RNA/mRNA Expression Products

Gene Expression RT-PCR
  • All Oncotype DX tests: Quantitative RT-PCR measuring mRNA expression from tumor tissue
  • Oncotype Breast: 21-gene panel
  • Oncotype DCIS: 12-gene panel
  • Oncotype Colon: 12-gene panel
  • OncoExTra: Whole transcriptome sequencing (RNA-seq) for fusions and transcript variants

DNA Mutation/Genomic Sequencing Products

NGS Whole Exome
  • Cologuard: 7 KRAS point mutations from stool DNA
  • Oncodetect: Patient-specific somatic mutations via whole exome sequencing
  • OncoExTra: Whole exome sequencing (~20,000 genes), somatic mutations, CNVs, TMB
  • Oncotype MAP: Hundreds of genes for mutations, CNVs, fusions
  • Cancerguard (enhanced): DNA mutation reflex approach in development

Germline Sequencing Products

Hereditary Risk Assessment
  • Riskguard: 59 hereditary cancer genes
  • PreventionGenetics: 5,000+ tests including whole exome/genome sequencing

Key Findings & Strategic Insights

🔬 LDT Dominance Over FDA Approval

Despite having two FDA-approved products, Exact Sciences operates most of its 20+ product portfolio as LDTs under CLIA certification rather than pursuing FDA clearance. This regulatory strategy enables faster market entry while maintaining Medicare reimbursement for clinically validated tests like Oncodetect, OncoExTra, and Riskguard. The company has secured Medicare coverage through MolDX for multiple LDT products despite lack of FDA approval.

🧬 DNA Methylation as Core Technology Platform

Methylated DNA biomarkers appear across the majority of Exact Sciences products—from stool-based Cologuard to liquid biopsies (Cancerguard, Oncoguard Liver, blood CRC test). This represents a consistent technological focus differentiating Exact Sciences from competitors using primarily mutation-based or protein-based approaches. Methylation markers enable early cancer detection before extensive mutational accumulation occurs.

💼 Strategic Acquisition Integration

The $2.8B Genomic Health acquisition brought not only Oncotype DX tests but also laboratory infrastructure enabling OncoExTra and Oncodetect development. The $190M PreventionGenetics acquisition delivered hereditary testing capabilities and 25+ PhD geneticists, enabling Riskguard launch and expansion into germline cancer risk assessment. Technology licenses from TwinStrand (duplex sequencing), TGen (TARDIS platform), and Thrive/Freenome (blood CRC test) demonstrate strategic "build and buy" approach.

🔄 Cancer Continuum Coverage

The portfolio spans the complete cancer care journey: hereditary risk assessment (Riskguard, PreventionGenetics) → screening and early detection (Cologuard, Cancerguard, Oncoguard Liver) → treatment selection (Oncotype DX, OncoExTra) → monitoring and surveillance (Oncodetect MRD). This comprehensive approach positions Exact Sciences to capture value across multiple clinical touchpoints rather than single-indication focus.

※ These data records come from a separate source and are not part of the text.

(* Let $\alpha\in(0,1)$, $p\in(0,1]$, $m=\lfloor\alpha n\rfloor$, let $B$ be an $n\times(n-m)$ matrix with i.i.d. $\mathcal N(0,1)$ entries, and let $\lambda>0$ be a constant. There exist constants $\rho^*>0$ and $c_{10}>0$ (depending on $\alpha,p,\lambda$) such that for all sufficiently large $n$, with probability at least $1-e^{-c_{10}n}$, for every $\mathbf z\in\mathcal S$ and every $T\subseteq\{1,\dots,n\}$ with $|T|\le\rho^*n$, $\|B_T\mathbf z\|_p^p<\tfrac12\lambda n$.
   Context: $\mathcal S$ is the unit Euclidean sphere in $\mathbb R^{n-m}$; $B_T$ is the submatrix of rows of $B$ indexed by $T$; $\|\mathbf v\|_p^p=\sum_i|v_i|^p$. *)

theory Defs
  imports "HOL-Probability.Probability"
begin

(* Law of an n x k matrix with i.i.d. N(0,1) entries; entries B(i,j), i<n, j<k
   (0-based indices). *)
definition gauss_matrix :: "nat \<Rightarrow> nat \<Rightarrow> (nat \<times> nat \<Rightarrow> real) measure" where
  "gauss_matrix n k = PiM ({..<n} \<times> {..<k}) (\<lambda>_. density lborel std_normal_density)"

end

theory Submission
  imports Defs
begin

(* Probabilistic half: the operator norm of B is at most 170 sqrt n with probability at least
   1 - exp(-n).  For fixed vectors u, z the bilinear form u^T B z is Gaussian, so a Chernoff
   bound (from the moment generating function of the product measure) controls it; a union
   bound over an explicit net of the Euclidean ball of size exp(38 d) handles all pairs of net
   points, and the standard net argument passes from the net to the whole ball.

   Deterministic half: if ||Bz||_2^2 <= C n for a unit vector z, then |y|^p <= eta + y^2/eta
   gives  sum_{i in T} |(Bz)_i|^p <= |T| eta + C n / eta,  which is < lam n / 2 once
   |T| <= rho n for a suitable rho depending only on lam.

   Since the measure of a non-measurable set is 0, we also prove that the good event is
   measurable: a strict bound on the compact unit sphere has a uniform gap, and by homogeneity
   and continuity it suffices to test rational vectors. *)

section \<open>Euclidean norms and bilinear forms on finitely supported coordinates\<close>

definition sqnorm :: "nat \<Rightarrow> (nat \<Rightarrow> real) \<Rightarrow> real" where
  "sqnorm k z = (\<Sum>j<k. (z j)^2)"

definition bilin :: "nat \<Rightarrow> nat \<Rightarrow> (nat \<times> nat \<Rightarrow> real) \<Rightarrow> (nat \<Rightarrow> real) \<Rightarrow> (nat \<Rightarrow> real) \<Rightarrow> real" where
  "bilin n k B u z = (\<Sum>i<n. \<Sum>j<k. u i * B(i,j) * z j)"

lemma sqnorm_nonneg: "0 \<le> sqnorm k z"
  unfolding sqnorm_def by (simp add: sum_nonneg)

lemma sqnorm_coord: "j < k \<Longrightarrow> (z j)^2 \<le> sqnorm k z"
  unfolding sqnorm_def by (intro member_le_sum) auto

lemma abs_coord_le_1: "j < k \<Longrightarrow> sqnorm k z \<le> 1 \<Longrightarrow> \<bar>z j\<bar> \<le> 1"
  using sqnorm_coord[of j k z] abs_le_square_iff[of "z j" 1] by simp

lemma sqnorm_scale: "sqnorm k (\<lambda>j. c * z j) = c^2 * sqnorm k z"
  unfolding sqnorm_def by (simp add: sum_distrib_left power_mult_distrib)

lemma bilin_scale: "bilin n k B (\<lambda>i. a * u i) (\<lambda>j. b * z j) = a * b * bilin n k B u z"
  unfolding bilin_def by (simp add: sum_distrib_left algebra_simps)

lemma bilin_split:
  "bilin n k B u z = bilin n k B u' z' + bilin n k B (\<lambda>i. u i - u' i) z + bilin n k B u' (\<lambda>j. z j - z' j)"
  unfolding bilin_def by (simp add: sum.distrib[symmetric] algebra_simps)

lemma bilin_as_entry_sum: "bilin n k B u z = (\<Sum>ij\<in>{..<n}\<times>{..<k}. (u (fst ij) * z (snd ij)) * B ij)"
  unfolding bilin_def sum.cartesian_product by (intro sum.cong) (auto simp: split_beta)

lemma entry_coeffs_sqnorm:
  "(\<Sum>ij\<in>{..<n}\<times>{..<k}. (t * (u (fst ij) * z (snd ij)))^2) = t^2 * sqnorm n u * sqnorm k z"
proof -
  have "(\<Sum>ij\<in>{..<n}\<times>{..<k}. (t * (u (fst ij) * z (snd ij)))^2) = (\<Sum>i<n. \<Sum>j<k. t^2 * (u i)^2 * (z j)^2)"
    unfolding sum.cartesian_product by (intro sum.cong refl) (auto simp: power_mult_distrib)
  also have "\<dots> = t^2 * sqnorm n u * sqnorm k z"
    unfolding sqnorm_def mult.assoc sum_product by (simp add: sum_distrib_left)
  finally show ?thesis .
qed

section \<open>Gaussian matrices: moment generating function and a Chernoff bound\<close>

lemma std_normal_mgf:
  "(\<integral>\<^sup>+ x. ennreal (exp (c * x)) \<partial>density lborel std_normal_density) = ennreal (exp (c^2/2))"
proof -
  have shift: "std_normal_density x * exp (c * x) = exp (c^2/2) * normal_density c 1 x" for x
  proof -
    have "exp (- x\<^sup>2 / 2) * exp (c * x) = exp (c^2/2) * exp (-(x - c)\<^sup>2 / 2)"
      by (simp add: mult_exp_exp power2_eq_square algebra_simps add_divide_distrib diff_divide_distrib)
    then show ?thesis unfolding std_normal_density_def normal_density_def by simp
  qed
  have total: "(\<integral>\<^sup>+ x. ennreal (normal_density c 1 x) \<partial>lborel) = 1"
    using integral_normal_density[of 1 c] integrable_normal_density[of 1 c]
    by (subst nn_integral_eq_integral) auto
  have "(\<integral>\<^sup>+ x. ennreal (exp (c * x)) \<partial>density lborel std_normal_density)
      = (\<integral>\<^sup>+ x. ennreal (std_normal_density x) * ennreal (exp (c * x)) \<partial>lborel)"
    by (subst nn_integral_density) auto
  also have "\<dots> = (\<integral>\<^sup>+ x. ennreal (exp (c^2/2)) * ennreal (normal_density c 1 x) \<partial>lborel)"
    by (intro nn_integral_cong) (simp add: shift flip: ennreal_mult)
  also have "\<dots> = ennreal (exp (c^2/2)) * (\<integral>\<^sup>+ x. ennreal (normal_density c 1 x) \<partial>lborel)"
    by (rule nn_integral_cmult) auto
  finally show ?thesis using total by simp
qed

lemma prob_space_std_normal: "prob_space (density lborel std_normal_density)"
  by (rule prob_space_normal_density) simp

lemma prob_space_gauss_matrix: "prob_space (gauss_matrix n k)"
  unfolding gauss_matrix_def by (intro prob_space_PiM prob_space_std_normal)

lemma gauss_matrix_entry_measurable:
  assumes "i < n" "j < k"
  shows "(\<lambda>B. B (i,j)) \<in> borel_measurable (gauss_matrix n k)"
proof -
  have "(\<lambda>B. B (i,j)) \<in> measurable (gauss_matrix n k) (density lborel std_normal_density)"
    unfolding gauss_matrix_def by (rule measurable_component_singleton) (use assms in auto)
  then show ?thesis by (simp cong: measurable_cong_sets)
qed

lemma gauss_matrix_mgf:
  fixes a :: "nat \<times> nat \<Rightarrow> real"
  shows "(\<integral>\<^sup>+ B. ennreal (exp (\<Sum>ij\<in>{..<n}\<times>{..<k}. a ij * B ij)) \<partial>gauss_matrix n k)
     = ennreal (exp ((\<Sum>ij\<in>{..<n}\<times>{..<k}. (a ij)^2)/2))"
proof -
  let ?N = "density lborel std_normal_density"
  let ?I = "{..<n}\<times>{..<k}"
  interpret product_prob_space "\<lambda>_. ?N" ?I
    by (simp add: product_prob_space_def product_prob_space_axioms_def product_sigma_finite_def
        prob_space_std_normal prob_space_imp_sigma_finite)
  have "(\<integral>\<^sup>+ B. ennreal (exp (\<Sum>ij\<in>?I. a ij * B ij)) \<partial>gauss_matrix n k)
     = (\<integral>\<^sup>+ B. (\<Prod>ij\<in>?I. ennreal (exp (a ij * B ij))) \<partial>PiM ?I (\<lambda>_. ?N))"
    unfolding gauss_matrix_def by (intro nn_integral_cong) (simp add: exp_sum prod_ennreal)
  also have "\<dots> = (\<Prod>ij\<in>?I. (\<integral>\<^sup>+ x. ennreal (exp (a ij * x)) \<partial>?N))"
    by (rule product_nn_integral_prod) auto
  also have "\<dots> = ennreal (exp ((\<Sum>ij\<in>?I. (a ij)^2)/2))"
    by (simp add: std_normal_mgf prod_ennreal exp_sum sum_divide_distrib)
  finally show ?thesis .
qed

lemma bilin_measurable: "(\<lambda>B. bilin n k B u z) \<in> borel_measurable (gauss_matrix n k)"
  unfolding bilin_def
  by (intro borel_measurable_sum borel_measurable_times gauss_matrix_entry_measurable
      borel_measurable_const) auto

🎯 Biomarker Class Diversity

Unlike companies focused exclusively on ctDNA or protein markers, Exact Sciences employs multiple complementary biomarker classes often within single products. Cancerguard combines methylation + proteins with planned mutation reflex. Oncoguard Liver pairs methylation with AFP protein. This multi-analyte strategy improves sensitivity across cancer stages and types compared to single-biomarker approaches.

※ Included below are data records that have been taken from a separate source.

(* For every $v\in\,]-\infty,-\mu_\kappa[\,\cap\mathbb Z_{d,\ell}$ one has $\epsilon(v)=-\mu_\kappa-v>0$, and $\epsilon(-\mu_\kappa)=\min(\mathcal V_1\setminus\{-\mu_\kappa\})+\mu_\kappa$ (with $\min\emptyset=+\infty$).
   Context: Let $\mathbf K$ be a field and $\ell\geq 2$ an integer. Let $L=a_n\phi_\ell^n+\dots+a_0$ with $n\geq1$, $a_i\in\mathbf K[z]$, $a_0a_n\neq0$, where $\phi_\ell(f)(z)=f(z^\ell)$ acting on Hahn series with coefficients in $\mathbf K$ and value group $\mathbb Q$. Let $\mathcal P(L)=\{(\ell^i,j): 0\le i\le n,\ j\in\operatorname{supp} a_i\}$. The Newton polygon of $L$ is the convex hull of $\{(\ell^i,j): 0\le i\le n,\ j\geq\operatorname{val} a_i\}\subset\mathbb R^2$; its non-vertical edges have slopes $\mu_1<\dots<\mu_\kappa$, $\mathcal S(L)=\{\mu_1,\dots,\mu_\kappa\}$. Let $d\geq1$ be a common multiple of the denominators of the $\mu_k$ and $\mathbb Z_{d,\ell}=\bigcup_{i\geq0}\frac{1}{d\ell^i}\mathbb Z$. Define $\Psi(v)=\{v\ell^i+j:(\ell^i,j)\in\mathcal P(L)\}$, $\pi(q)=\max\{(q-j)/\ell^i:(\ell^i,j)\in\mathcal P(L)\}$. Let $\mathcal V_0=-\mathcal S(L)$, $\mathcal V_{i+1}=\bigcup_{v\in\mathcal V_i}\pi(\Psi(v))$, $\mathcal V=\bigcup_{i\ge0}\mathcal V_i$ (a well-ordered set). For $v\in\mathbb Q$ let $\epsilon(v)=\min\{w\in\mathcal V: w>v\}-v\in\mathbb Q_{>0}\cup\{+\infty\}$ ($+\infty$ if this set is empty). *)

theory Defs
  imports "HOL-Analysis.Analysis" "HOL-Computational_Algebra.Polynomial"
begin

text \<open>The operator L = a_n phi_l^n + ... + a_0 is represented by its coefficient
  family a :: nat => 'k poly (only a 0, ..., a n matter), the order n and l.\<close>

definition pval :: "'k::zero poly \<Rightarrow> nat" where
  "pval p = (LEAST j. coeff p j \<noteq> 0)"

definition PL :: "nat \<Rightarrow> nat \<Rightarrow> (nat \<Rightarrow> 'k::zero poly) \<Rightarrow> (real \<times> real) set" where
  "PL l n a = {(real (l ^ i), real j) | i j. i \<le> n \<and> coeff (a i) j \<noteq> 0}"

definition newton_polygon :: "nat \<Rightarrow> nat \<Rightarrow> (nat \<Rightarrow> 'k::zero poly) \<Rightarrow> (real \<times> real) set" where
  "newton_polygon l n a =
     convex hull {(real (l ^ i), y) | i y. i \<le> n \<and> a i \<noteq> 0 \<and> y \<ge> real (pval (a i))}"

definition slopes :: "nat \<Rightarrow> nat \<Rightarrow> (nat \<Rightarrow> 'k::zero poly) \<Rightarrow> real set" where
  "slopes l n a = {\<mu>. \<exists>F. F face_of newton_polygon l n a \<and> aff_dim F = 1 \<and>
      (\<exists>p\<in>F. \<exists>q\<in>F. fst p \<noteq> fst q \<and> \<mu> = (snd q - snd p) / (fst q - fst p))}"

definition Zdl :: "nat \<Rightarrow> nat \<Rightarrow> real set" where
  "Zdl d l = {x. \<exists>i::nat. \<exists>k::int. x = real_of_int k / (real d * real l ^ i)}"

definition Psi :: "nat \<Rightarrow> nat \<Rightarrow> (nat \<Rightarrow> 'k::zero poly) \<Rightarrow> real \<Rightarrow> real set" where
  "Psi l n a v = {v * x + y | x y. (x, y) \<in> PL l n a}"

definition piL :: "nat \<Rightarrow> nat \<Rightarrow> (nat \<Rightarrow> 'k::zero poly) \<Rightarrow> real \<Rightarrow> real" where
  "piL l n a q = Max {(q - y) / x | x y. (x, y) \<in> PL l n a}"

primrec Vs :: "nat \<Rightarrow> nat \<Rightarrow> (nat \<Rightarrow> 'k::zero poly) \<Rightarrow> nat \<Rightarrow> real set" where
  "Vs l n a 0 = uminus ` slopes l n a"
| "Vs l n a (Suc i) = (\<Union>v\<in>Vs l n a i. piL l n a ` Psi l n a v)"

definition VV :: "nat \<Rightarrow> nat \<Rightarrow> (nat \<Rightarrow> 'k::zero poly) \<Rightarrow> real set" where
  "VV l n a = (\<Union>i. Vs l n a i)"

definition epsV :: "nat \<Rightarrow> nat \<Rightarrow> (nat \<Rightarrow> 'k::zero poly) \<Rightarrow> real \<Rightarrow> ereal" where
  "epsV l n a v = (if {w \<in> VV l n a. w > v} = {} then \<infinity>
      else ereal ((LEAST w. w \<in> VV l n a \<and> v < w) - v))"

end

theory Submission
  imports Defs
begin

text \<open>Since \<open>\<pi>(\<Psi>(v)) \<ge> v\<close> and \<open>\<V>\<^sub>0 = -\<S>(L)\<close>, every element of \<open>\<V>\<close> is at least
  \<open>-\<mu>\<^sub>\<kappa>\<close>, which itself lies in \<open>\<V>\<close>; this gives \<open>\<epsilon>(v) = -\<mu>\<^sub>\<kappa> - v\<close> below it for every
  \<open>v\<close>. An element \<open>w > -\<mu>\<^sub>\<kappa>\<close> of \<open>\<V>\<close> is the end
  of an increasing chain \<open>v\<^sub>0 \<le> v\<^sub>1 \<le> \<dots> \<le> w\<close> starting in \<open>\<V>\<^sub>0 \<subseteq> \<V>\<^sub>1\<close>; the last link leaving
  \<open>-\<mu>\<^sub>\<kappa>\<close> (if any) lands in \<open>\<V>\<^sub>1\<close>, so \<open>w\<close> dominates an element of \<open>\<V>\<^sub>1\<close> above \<open>-\<mu>\<^sub>\<kappa>\<close>.
  The geometric input is that every edge of the Newton polygon is a lower supporting line
  through two points of \<open>\<P>(L)\<close>: this yields \<open>\<V>\<^sub>0 \<subseteq> \<V>\<^sub>1\<close> and the finiteness of \<open>\<S>(L)\<close>.\<close>

definition intercept :: "real \<Rightarrow> real \<times> real \<Rightarrow> real" where
  "intercept \<mu> r = snd r - \<mu> * fst r"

🚫 No Peptides or Small Molecules

Notably absent from the portfolio are peptide-based or small molecule metabolite biomarkers, despite these being explored by some competitors. The portfolio focuses on nucleic acids (DNA, RNA, ctDNA) and select protein markers, suggesting strategic technology focus on genomic/epigenomic approaches over metabolomic or peptidomic platforms.

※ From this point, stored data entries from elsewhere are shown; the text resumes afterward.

theorem lemma4p8:
  fixes l0 :: nat and V :: "'a set" and i :: "'a list" and c :: "nat \<Rightarrow> 'a"
  assumes "two_d_ring l0 V i"
    and "ring_order V i c"
  shows "(even l0 \<and> l0 \<ge> 2 \<longrightarrow>
            (\<forall>j < l0. c j \<in> black i \<longleftrightarrow> c (Suc j mod l0) \<notin> black i))
       \<and> (odd l0 \<longrightarrow>
            card {j. j < l0 \<and> c j \<in> black i \<and> c (Suc j mod l0) \<in> black i} = 1
          \<and> (\<forall>j < l0. \<not> (c j \<in> black i \<and> c (Suc j mod l0) \<in> black i)
                 \<longrightarrow> (c j \<in> black i \<longleftrightarrow> c (Suc j mod l0) \<notin> black i)))"
proof -
  interpret ring_route l0 V i c
    using assms by unfold_locales
  obtain a q where black: "\<And>t. cover t \<in> black i \<longleftrightarrow> has_even_rep l0 a (t + q)"
    using black_window by blast
  have black_c: "c j \<in> black i \<longleftrightarrow> has_even_rep l0 a (int j + q)" if "j < l0" for j
    using black[of "int j"] cover_int[OF that] by simp
  have black_c_Suc: "c (Suc j mod l0) \<in> black i \<longleftrightarrow> has_even_rep l0 a (int j + q + 1)" for j
    using black[of "int j + 1"] cover_int_Suc[of j] by (simp add: ac_simps)
  show ?thesis
  proof (intro conjI impI allI)
    fix j assume "even l0 \<and> l0 \<ge> 2" "j < l0"
    then show "c j \<in> black i \<longleftrightarrow> c (Suc j mod l0) \<notin> black i"
      using black_c black_c_Suc has_even_rep_even_period[of l0 a "int j + q"] by auto
  next
    assume odd: "odd l0"
    have "{j. j < l0 \<and> c j \<in> black i \<and> c (Suc j mod l0) \<in> black i}
        = {j. j < l0 \<and> has_even_rep l0 a (int j + q) \<and> has_even_rep l0 a (int j + q + 1)}"
      using black_c black_c_Suc by auto
    then show "card {j. j < l0 \<and> c j \<in> black i \<and> c (Suc j mod l0) \<in> black i} = 1"
      using card_consecutive_even_reps[OF odd] by simp
  next
    fix j assume "odd l0" "j < l0" "\<not> (c j \<in> black i \<and> c (Suc j mod l0) \<in> black i)"
    then show "c j \<in> black i \<longleftrightarrow> c (Suc j mod l0) \<notin> black i"
      using black_c black_c_Suc has_even_rep_odd_period[of l0 a "int j + q"] by auto
  qed
qed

💰 Medicare Coverage as Validation

Multiple LDT products have secured Medicare coverage (Oncodetect, OncoExTra, Riskguard) through MolDX and other programs, demonstrating that clinical validation and health economics evidence can enable reimbursement without FDA approval. This pathway has become central to Exact Sciences' commercial strategy for new product launches.